For the preclinical study co-administration of DNase I with CAR T cells was investigated in a syngeneic B16 murine melanoma model of lung metastasis. Bioluminescent imaging of melanoma metastatic processes has shown that a single injection of DNase I (10 mg/kg) together with CAR T cells suppressed B16-EGFR lung metastasis at early stages in comparison to the vehicle control group and extended survival.

Key Highlights

Co-administration of single injection of DNase I (10 mg/kg) with murine EGFR-CAR T cells demonstrated to significantly suppress metastatic tumor burden, decreases the number of metastatic foci, and substantially prolongs survival compared to the CAR T cell monotherapy group.

Degrading of NETs by DNase I increases the amount of tumor-infiltrating T and CAR T cells and reduces the immunosuppressive effects of the TME.

Tumor immune cell infiltrate analysis revealed that the CD8 population of tumor-infiltrating CAR T cells from the DNase I treated group have lower expression of PD-1 and TIM-3 exhaustion markers.

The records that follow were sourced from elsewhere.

lemma social_cost_eq_load:
  "social_cost m n mu s0 lam a =
    (\<Sum>j<m. ((s0 j + load n lam a j) * load n lam a j
               - (\<Sum>i<n. (lam i * a i j)\<^sup>2) / 2) / mu j)"
proof -
  have "social_cost m n mu s0 lam a =
      (\<Sum>i<n. \<Sum>j<m. lam i * a i j * (s0 j + load n lam a j - lam i * a i j / 2) / mu j)"
    unfolding social_cost_def by (intro sum.cong refl) (simp add: cost_eq_load)
  also have "\<dots> = (\<Sum>j<m. \<Sum>i<n. lam i * a i j * (s0 j + load n lam a j - lam i * a i j / 2) / mu j)"
    by (rule sum.swap)
  also have "\<dots> = (\<Sum>j<m. ((s0 j + load n lam a j) * load n lam a j
               - (\<Sum>i<n. (lam i * a i j)\<^sup>2) / 2) / mu j)"
  proof (intro sum.cong refl)
    fix j
    define c where "c = s0 j + load n lam a j"
    have "(\<Sum>i<n. lam i * a i j * (c - lam i * a i j / 2) / mu j) =
        (\<Sum>i<n. c * (lam i * a i j) - (lam i * a i j)\<^sup>2 / 2) / mu j"
      by (simp add: sum_divide_distrib power2_eq_square algebra_simps)
    also have "\<dots> = (c * load n lam a j - (\<Sum>i<n. (lam i * a i j)\<^sup>2) / 2) / mu j"
      by (simp add: load_def sum_subtractf sum_distrib_left sum_divide_distrib)
    finally show "(\<Sum>i<n. lam i * a i j * (s0 j + load n lam a j - lam i * a i j / 2) / mu j) =
        ((s0 j + load n lam a j) * load n lam a j - (\<Sum>i<n. (lam i * a i j)\<^sup>2) / 2) / mu j"
      by (simp add: c_def)
  qed
  finally show ?thesis .
qed

lemma sum_power2_le_power2_sum:
  fixes x :: "'a \<Rightarrow> real"
  assumes "finite A" and "\<forall>i\<in>A. 0 \<le> x i"
  shows "(\<Sum>i\<in>A. (x i)\<^sup>2) \<le> (\<Sum>i\<in>A. x i)\<^sup>2"
proof -
  have "(\<Sum>i\<in>A. (x i)\<^sup>2) \<le> (\<Sum>i\<in>A. x i * (\<Sum>k\<in>A. x k))"
  proof (rule sum_mono)
    fix i assume "i \<in> A"
    then have "x i \<le> (\<Sum>k\<in>A. x k)"
      using assms by (intro member_le_sum) auto
    then show "(x i)\<^sup>2 \<le> x i * (\<Sum>k\<in>A. x k)"
      using assms \<open>i \<in> A\<close> by (simp add: power2_eq_square mult_left_mono)
  qed
  also have "\<dots> = (\<Sum>i\<in>A. x i)\<^sup>2"
    by (simp add: power2_eq_square sum_distrib_right)
  finally show ?thesis .
qed

lemma social_cost_le_sum_load_sq:
  assumes "\<forall>j<m. mu j > 0" and "\<forall>j<m. s0 j = 0"
  shows "social_cost m n mu s0 lam a \<le> (\<Sum>j<m. (load n lam a j)\<^sup>2 / mu j)"
  unfolding social_cost_eq_load
proof (rule sum_mono)
  fix j assume "j \<in> {..<m}"
  then show "((s0 j + load n lam a j) * load n lam a j - (\<Sum>i<n. (lam i * a i j)\<^sup>2) / 2) / mu j
      \<le> (load n lam a j)\<^sup>2 / mu j"
    using assms by (intro divide_right_mono) (auto simp: power2_eq_square sum_nonneg)
qed

lemma sum_load_sq_le_twice_social_cost:
  assumes "\<forall>j<m. mu j > 0" and "\<forall>j<m. s0 j = 0"
    and "\<forall>i<n. lam i \<ge> 0" and "is_profile m n a"
  shows "(\<Sum>j<m. (load n lam a j)\<^sup>2 / mu j) \<le> 2 * social_cost m n mu s0 lam a"
  unfolding social_cost_eq_load sum_distrib_left
proof (rule sum_mono)
  fix j assume j: "j \<in> {..<m}"
  have "(\<Sum>i<n. (lam i * a i j)\<^sup>2) \<le> (load n lam a j)\<^sup>2"
    unfolding load_def using assms(3,4) j
    by (intro sum_power2_le_power2_sum) (auto simp: is_profile_def is_action_def)
  then have "(load n lam a j)\<^sup>2 / mu j \<le>
      (2 * (load n lam a j)\<^sup>2 - (\<Sum>i<n. (lam i * a i j)\<^sup>2)) / mu j"
    using assms(1) j by (intro divide_right_mono) auto
  then show "(load n lam a j)\<^sup>2 / mu j \<le>
      2 * (((s0 j + load n lam a j) * load n lam a j - (\<Sum>i<n. (lam i * a i j)\<^sup>2) / 2) / mu j)"
    using assms(2) j by (simp add: power2_eq_square)
qed

lemma is_action_segment:
  assumes "is_action m x" and "is_action m y" and "0 \<le> t" and "t \<le> 1"
  shows "is_action m (\<lambda>j. x j + t * (y j - x j))"
proof -
  have "0 \<le> x j + t * (y j - x j)" if "j < m" for j
  proof -
    have "0 \<le> (1 - t) * x j + t * y j"
      using assms that by (simp add: is_action_def)
    then show ?thesis by (simp add: algebra_simps)
  qed
  moreover have "(\<Sum>j<m. x j + t * (y j - x j)) = 1"
    using assms(1,2) by (simp add: is_action_def sum.distrib sum_subtractf sum_distrib_left[symmetric])
  ultimately show ?thesis by (simp add: is_action_def)
qed

lemma cost_fun_upd_segment:
  assumes "i < n"
  shows "cost m n mu s0 lam (a(i := \<lambda>j. a i j + t * (y j - a i j))) i =
    cost m n mu s0 lam a i
    + t * (\<Sum>j<m. lam i * (y j - a i j) * (s0 j + load n lam a j) / mu j)
    + t\<^sup>2 * (\<Sum>j<m. (lam i * (y j - a i j))\<^sup>2 / (2 * mu j))"
proof -
  have cost_self: "cost m n mu s0 lam a i = (\<Sum>j<m. lam i * a i j * (lam i * a i j / (2 * mu j)
      + (s0 j + (load n lam a j - lam i * a i j)) / mu j))"
    using cost_fun_upd_self[of m n mu s0 lam a i "a i"] by (simp add: load_minus_player[OF assms])
  show ?thesis
    unfolding cost_fun_upd_self cost_self load_minus_player[OF assms]
      sum_distrib_left sum.distrib[symmetric]
  proof (intro sum.cong refl)
    fix j
    show "lam i * (a i j + t * (y j - a i j)) * (lam i * (a i j + t * (y j - a i j)) / (2 * mu j)
        + (s0 j + (load n lam a j - lam i * a i j)) / mu j) =
      lam i * a i j * (lam i * a i j / (2 * mu j) + (s0 j + (load n lam a j - lam i * a i j)) / mu j)
      + t * (lam i * (y j - a i j) * (s0 j + load n lam a j) / mu j)
      + t\<^sup>2 * ((lam i * (y j - a i j))\<^sup>2 / (2 * mu j))"
      by (cases "mu j = 0") (simp_all add: field_simps power2_eq_square)
  qed
qed

lemma linear_coeff_nonneg_of_nonneg_on_unit_interval:
  fixes G H :: real
  assumes "\<And>t. 0 < t \<Longrightarrow> t \<le> 1 \<Longrightarrow> 0 \<le> t * G + t\<^sup>2 * H"
  shows "0 \<le> G"
proof (rule ccontr)
  assume "\<not> 0 \<le> G"
  then have G: "G < 0" by simp
  have "0 \<le> G + H" using assms[of 1] by simp
  with G have H: "H > 0" by simp
  define t where "t = min 1 (- G / (2 * H))"
  have t: "0 < t" "t \<le> 1" using G H by (simp_all add: t_def divide_neg_pos)
  have "t \<le> - G / (2 * H)" by (simp add: t_def)
  then have "t * H \<le> - G / 2"
    using H by (simp add: field_simps)
  with G have "G + t * H < 0" by simp
  with t have "t * (G + t * H) < 0"
    by (simp add: mult_pos_neg)
  moreover have "t * G + t\<^sup>2 * H = t * (G + t * H)"
    by (simp add: power2_eq_square algebra_simps)
  ultimately show False using assms[OF t] by simp
qed
(* Let $(A_n)_{n\ge1}$ be a sequence of matrices with strictly positive entries, possibly of varying dimensions, such that all products $P_n:=A_nA_{n-1}\cdots A_1$ are defined. Let $\alpha\ge1$ and assume $R(A_n)\le\alpha$ for all $n\ge1$. Set $\kappa:=\frac{\sqrt{\alpha}-1}{\sqrt{\alpha}+1}$. Then for every $n\ge1$, \[ R(P_n)\le 1+\frac{4\kappa^n}{(1-\kappa^n)^2}, \] and in particular $R(P_n)\to1$ at least exponentially fast as $n\to\infty$.
   Context: For a matrix $B=(b_{ik})$ of size $d_1\times d_2$ with strictly positive entries, its distortion is $R(B)=\max_{1\le i,j\le d_1,\ 1\le k,\ell\le d_2}\frac{b_{ik}b_{j\ell}}{b_{i\ell}b_{jk}}$. *)

theory Defs
  imports Complex_Main "Jordan_Normal_Form.Matrix"
begin

text \<open>A matrix with strictly positive entries (nonemptiness is assumed separately).\<close>
definition pos_mat :: "real mat \<Rightarrow> bool" where
  "pos_mat B \<longleftrightarrow> (\<forall>i<dim_row B. \<forall>k<dim_col B. B $$ (i,k) > 0)"

definition distortion :: "real mat \<Rightarrow> real" where
  "distortion B = Max {B $$ (i,k) * B $$ (j,l) / (B $$ (i,l) * B $$ (j,k)) | i j k l.
       i < dim_row B \<and> j < dim_row B \<and> k < dim_col B \<and> l < dim_col B}"

fun prod_seq :: "(nat \<Rightarrow> real mat) \<Rightarrow> nat \<Rightarrow> real mat" where
  "prod_seq A 0 = 1\<^sub>m (dim_col (A 1))"
| "prod_seq A (Suc n) = A (Suc n) * prod_seq A n"

end

theory Submission
  imports Defs
begin

text \<open>
  The key estimate concerns a single product: \<open>R X \<le> \<sigma>\<^sup>2\<close> and \<open>R Y \<le> \<tau>\<^sup>2\<close> imply
  \<open>R (X Y) \<le> ((\<sigma> \<tau> + 1) / (\<sigma> + \<tau>))\<^sup>2\<close>. For fixed rows \<open>i, j\<close> and columns \<open>k, l\<close>, the cross
  ratio of \<open>X Y\<close> equals \<open>\<Sum>w \<Sum>w u v / (\<Sum>w u \<Sum>w v)\<close> with \<open>w\<^sub>m = X\<^sub>j\<^sub>m Y\<^sub>m\<^sub>l\<close>,
  \<open>u\<^sub>m = X\<^sub>i\<^sub>m / X\<^sub>j\<^sub>m\<close> and \<open>v\<^sub>m = Y\<^sub>m\<^sub>k / Y\<^sub>m\<^sub>l\<close>, and the spreads (max over min) of \<open>u\<close> and \<open>v\<close>
  are at most \<open>\<sigma>\<^sup>2\<close> and \<open>\<tau>\<^sup>2\<close>. The pointwise inequalities \<open>(u - min u) (v - max v) \<le> 0\<close> and
  \<open>(u - max u) (v - min v) \<le> 0\<close> bound \<open>\<Sum>w u v\<close> linearly in \<open>\<Sum>w u\<close> and \<open>\<Sum>w v\<close>, and an
  elementary two-variable optimisation finishes.
  Since \<open>(cayley x cayley y + 1) / (cayley x + cayley y) = cayley (x y)\<close> and \<open>cayley \<kappa> = \<surd>\<alpha>\<close>,
  induction gives \<open>R (P\<^sub>n) \<le> cayley (\<kappa>\<^sup>n)\<^sup>2 = 1 + 4 \<kappa>\<^sup>n / (1 - \<kappa>\<^sup>n)\<^sup>2\<close>.
\<close>

lemma distortion_eq_Max_image:
  "distortion B = Max ((\<lambda>(i,j,k,l). B $$ (i,k) * B $$ (j,l) / (B $$ (i,l) * B $$ (j,k))) `
     ({..<dim_row B} \<times> {..<dim_row B} \<times> {..<dim_col B} \<times> {..<dim_col B}))"
  unfolding distortion_def by (rule arg_cong[where f = Max]) (auto simp: image_iff, blast)

lemma cross_ratio_le_distortion:
  assumes "i < dim_row B" "j < dim_row B" "k < dim_col B" "l < dim_col B"
  shows "B $$ (i,k) * B $$ (j,l) / (B $$ (i,l) * B $$ (j,k)) \<le> distortion B"
  unfolding distortion_eq_Max_image
  using assms by (intro Max_ge) (auto intro!: image_eqI[where x = "(i,j,k,l)"])

lemma distortion_leI:
  assumes "dim_row B > 0" "dim_col B > 0"
    and "\<And>i j k l. i < dim_row B \<Longrightarrow> j < dim_row B \<Longrightarrow> k < dim_col B \<Longrightarrow> l < dim_col B
           \<Longrightarrow> B $$ (i,k) * B $$ (j,l) / (B $$ (i,l) * B $$ (j,k)) \<le> c"
  shows "distortion B \<le> c"
  unfolding distortion_eq_Max_image using assms by (intro Max.boundedI) auto

lemma one_le_distortion:
  assumes "dim_row B > 0" "dim_col B > 0" "pos_mat B"
  shows "1 \<le> distortion B"
proof -
  have "B $$ (0,0) > 0" using assms by (simp add: pos_mat_def)
  then show ?thesis using cross_ratio_le_distortion[of 0 B 0 0 0] assms by simp
qed

lemma row_ratio_le_distortion:
  assumes "pos_mat X" "i < dim_row X" "j < dim_row X" "m < dim_col X" "m' < dim_col X"
  shows "X $$ (i,m) / X $$ (j,m) \<le> distortion X * (X $$ (i,m') / X $$ (j,m'))"
proof -
  have "X $$ (i,m) * X $$ (j,m') / (X $$ (i,m') * X $$ (j,m)) \<le> distortion X"
    using cross_ratio_le_distortion assms by blast
  then show ?thesis using assms by (simp add: pos_mat_def field_simps)
qed

lemma col_ratio_le_distortion:
  assumes "pos_mat Y" "m < dim_row Y" "m' < dim_row Y" "k < dim_col Y" "l < dim_col Y"
  shows "Y $$ (m,k) / Y $$ (m,l) \<le> distortion Y * (Y $$ (m',k) / Y $$ (m',l))"
proof -
  have "Y $$ (m,k) * Y $$ (m',l) / (Y $$ (m,l) * Y $$ (m',k)) \<le> distortion Y"
    using cross_ratio_le_distortion assms by blast
  then show ?thesis using assms by (simp add: pos_mat_def field_simps)
qed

Xenetic continues to advance its DNase-based oncology program towards Phase 1 clinical development for the treatment of pancreatic carcinoma and other locally advanced or metastatic solid tumors. Preliminary preclinical studies evaluating the combinations of DNase I with chemotherapy and DNase I with immuno-therapies in colorectal cancer models as well as CAR-T therapy have been completed.